* **The records**:
text \<open>For open sets \<open>V\<close> meeting \<open>S\<cdot>g\<close> choose \<open>A\<^sub>V\<close> meeting \<open>S\<close> and \<open>B\<^sub>V \<ni> g\<close> with
  \<open>A\<^sub>V\<cdot>B\<^sub>V \<subseteq> V\<close>. A common point \<open>z\<close> of the \<open>A\<^sub>V\<close> can be moved by some \<open>h \<in> N = \<Inter>B\<^sub>V\<close> only if
  \<open>p z \<in> r(N)\<close>; as \<open>r\<close> is open, \<open>p\<^sup>-\<^sup>1(r N)\<close> is an open set containing \<open>S\<close>, so it can be added
  to the family.\<close>

lemma act_image_in_HZ_set:
  assumes r_open: "open_map G (unit_space G r) r"
    and S: "S \<in> HZ_set Z" and g: "g \<in> topspace G" and pS: "\<And>x. x \<in> S \<Longrightarrow> p x = r g"
  shows "(\<lambda>x. act x g) ` S \<in> HZ_set Z"
proof -
  have SZ: "S \<subseteq> topspace Z"
    using HZ_set_subset_topspace[OF S] .
  have "topspace Z \<inter> \<Inter>\<F> \<noteq> {}"
    if \<F>: "finite \<F>" "\<forall>V\<in>\<F>. openin Z V \<and> V \<inter> (\<lambda>x. act x g) ` S \<noteq> {}" for \<F>
  proof -
    have "\<forall>V\<in>\<F>. \<exists>A. \<exists>B. openin Z A \<and> openin G B \<and> g \<in> B \<and> A \<inter> S \<noteq> {} \<and>
            (\<forall>x'\<in>A. \<forall>h\<in>B. p x' = r h \<longrightarrow> act x' h \<in> V)"
    proof
      fix V
      assume "V \<in> \<F>"
      then obtain x where x: "x \<in> S" "act x g \<in> V" "openin Z V"
        using \<F>(2) by blast
      then obtain A B where "openin Z A" "openin G B" "x \<in> A" "g \<in> B"
          "\<And>x' h. \<lbrakk>x' \<in> A; h \<in> B; p x' = r h\<rbrakk> \<Longrightarrow> act x' h \<in> V"
        using act_nbhd[OF x(3) _ g pS x(2)] SZ by blast
      then show "\<exists>A B. openin Z A \<and> openin G B \<and> g \<in> B \<and> A \<inter> S \<noteq> {} \<and>
            (\<forall>x'\<in>A. \<forall>h\<in>B. p x' = r h \<longrightarrow> act x' h \<in> V)"
        using x(1) by blast
    qed
    then obtain A where "\<forall>V\<in>\<F>. \<exists>B. openin Z (A V) \<and> openin G B \<and> g \<in> B \<and>
        A V \<inter> S \<noteq> {} \<and> (\<forall>x'\<in>A V. \<forall>h\<in>B. p x' = r h \<longrightarrow> act x' h \<in> V)"
      by (rule bchoice[THEN exE])
    then obtain B where AB: "\<forall>V\<in>\<F>. openin Z (A V) \<and> openin G (B V) \<and> g \<in> B V \<and>
        A V \<inter> S \<noteq> {} \<and> (\<forall>x'\<in>A V. \<forall>h\<in>B V. p x' = r h \<longrightarrow> act x' h \<in> V)"
      by (rule bchoice[THEN exE])
    define N where "N = \<Inter>(insert (topspace G) (B ` \<F>))"
    have "openin G N"
      unfolding N_def using \<F>(1) AB by (intro openin_Inter) auto
    then have "openin (unit_space G r) (r ` N)"
      using r_open unfolding open_map_def by blast
    then have P: "openin Z {z \<in> topspace Z. p z \<in> r ` N}"
      using openin_continuous_map_preimage[OF continuous_map_p] by blast
    have "g \<in> N"
      unfolding N_def using g AB by blast
    then have "S \<subseteq> {z \<in> topspace Z. p z \<in> r ` N}"
      using SZ pS by auto
    have "topspace Z \<inter> \<Inter>(insert {z \<in> topspace Z. p z \<in> r ` N} (A ` \<F>)) \<noteq> {}"
    proof (rule HZ_set_finite_intersection[OF S])
      show "finite (insert {z \<in> topspace Z. p z \<in> r ` N} (A ` \<F>))"
        using \<F>(1) by simp
      fix W
      assume "W \<in> insert {z \<in> topspace Z. p z \<in> r ` N} (A ` \<F>)"
      then show "openin Z W \<and> W \<inter> S \<noteq> {}"
        using P \<open>S \<subseteq> {z \<in> topspace Z. p z \<in> r ` N}\<close> HZ_set_nonempty[OF S] AB by blast
    qed
    then obtain z where z: "z \<in> topspace Z" "p z \<in> r ` N" "\<And>V. V \<in> \<F> \<Longrightarrow> z \<in> A V"
      by auto
    then obtain h where "h \<in> N" "p z = r h"
      by blast
    have "h \<in> topspace G"
      using \<open>h \<in> N\<close> unfolding N_def by blast
    have "act z h \<in> V" if "V \<in> \<F>" for V
      using AB that z(3) \<open>p z = r h\<close> \<open>h \<in> N\<close> unfolding N_def by blast
    moreover have "act z h \<in> topspace Z"
      using act_in[OF z(1) \<open>h \<in> topspace G\<close> \<open>p z = r h\<close>] .
    ultimately show ?thesis
      by blast
  qed
  moreover have "(\<lambda>x. act x g) ` S \<subseteq> topspace Z"
    using SZ act_in g pS by auto
  ultimately show ?thesis
    using HZ_set_nonempty[OF S] unfolding HZ_set_def by blast
qed

end

locale HZ_groupoid_action = groupoid_action +
  assumes Hausdorff_units: "Hausdorff_space (unit_space G r)"
    and open_map_r: "open_map G (unit_space G r) r"
    and locally_compact: "locally_compact_qc Z"
begin

definition Hp where
  "Hp S = p (SOME x. x \<in> S)"

definition Hact where
  "Hact S g = (\<lambda>x. act x g) ` S"

lemma Hp_eq:
  assumes "S \<in> HZ_set Z" "x \<in> S"
  shows "Hp S = p x"
proof -
  have "(SOME x. x \<in> S) \<in> S"
    using assms(2) by (rule someI)
  then show ?thesis
    unfolding Hp_def
    by (rule HZ_set_continuous_map_const[OF continuous_map_p Hausdorff_units assms(1) _ assms(2)])
qed

lemma Hp_in_units:
  assumes "S \<in> HZ_set Z"
  shows "Hp S \<in> topspace (unit_space G r)"
proof -
  obtain x where "x \<in> S"
    using HZ_set_nonempty[OF assms] by blast
  moreover have "x \<in> topspace Z"
    using HZ_set_subset_topspace[OF assms] \<open>x \<in> S\<close> by blast
  ultimately show ?thesis
    using Hp_eq[OF assms] continuous_map_image_subset_topspace[OF continuous_map_p] by auto
qed

lemma continuous_map_Hp: "continuous_map (HZ Z) (unit_space G r) Hp"
  unfolding continuous_map_def
proof (intro conjI allI impI)
  show "Hp \<in> topspace (HZ Z) \<rightarrow> topspace (unit_space G r)"
    using Hp_in_units by simp
next
  fix U
  assume U: "openin (unit_space G r) U"
  have "{S \<in> topspace (HZ Z). Hp S \<in> U} = {S \<in> HZ_set Z. S \<inter> {z \<in> topspace Z. p z \<in> U} \<noteq> {}}"
  proof (intro set_eqI iffI)
    fix S
    assume "S \<in> {S \<in> topspace (HZ Z). Hp S \<in> U}"
    moreover obtain x where "x \<in> S"
      using HZ_set_nonempty calculation by fastforce
    ultimately show "S \<in> {S \<in> HZ_set Z. S \<inter> {z \<in> topspace Z. p z \<in> U} \<noteq> {}}"
      using Hp_eq HZ_set_subset_topspace by fastforce
  qed (use Hp_eq in auto)
  then show "openin (HZ Z) {S \<in> topspace (HZ Z). Hp S \<in> U}"
    using openin_HZ_meets[OF openin_continuous_map_preimage[OF continuous_map_p U]] by simp
qed

lemma Hact_in_HZ_set: "\<lbrakk>S \<in> HZ_set Z; g \<in> topspace G; Hp S = r g\<rbrakk> \<Longrightarrow> Hact S g \<in> HZ_set Z"
  unfolding Hact_def by (rule act_image_in_HZ_set[OF open_map_r]) (auto simp: Hp_eq)

lemma Hp_Hact:
  assumes "S \<in> HZ_set Z" "g \<in> topspace G" "Hp S = r g"
  shows "Hp (Hact S g) = s g"
proof -
  obtain x where "x \<in> S"
    using HZ_set_nonempty[OF assms(1)] by blast
  then have "Hp (Hact S g) = p (act x g)"
    using Hp_eq[OF Hact_in_HZ_set[OF assms]] unfolding Hact_def by blast
  then show ?thesis
    using p_act[OF _ assms(2)] Hp_eq[OF assms(1) \<open>x \<in> S\<close>] assms(3) \<open>x \<in> S\<close>
      HZ_set_subset_topspace[OF assms(1)] by auto
qed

* **Action item**:
Print the listing above from its first line through the line with "N = \<Inter>B\<^sub>V\<close> only if", and stop there.

* **Task response**:
text \<open>For open sets \<open>V\<close> meeting \<open>S\<cdot>g\<close> choose \<open>A\<^sub>V\<close> meeting \<open>S\<close> and \<open>B\<^sub>V \<ni> g\<close> with
  \<open>A\<^sub>V\<cdot>B\<^sub>V \<subseteq> V\<close>. A common point \<open>z\<close> of the \<open>A\<^sub>V\<close> can be moved by some \<open>h \<in> N = \<Inter>B\<^sub>V\<close> only if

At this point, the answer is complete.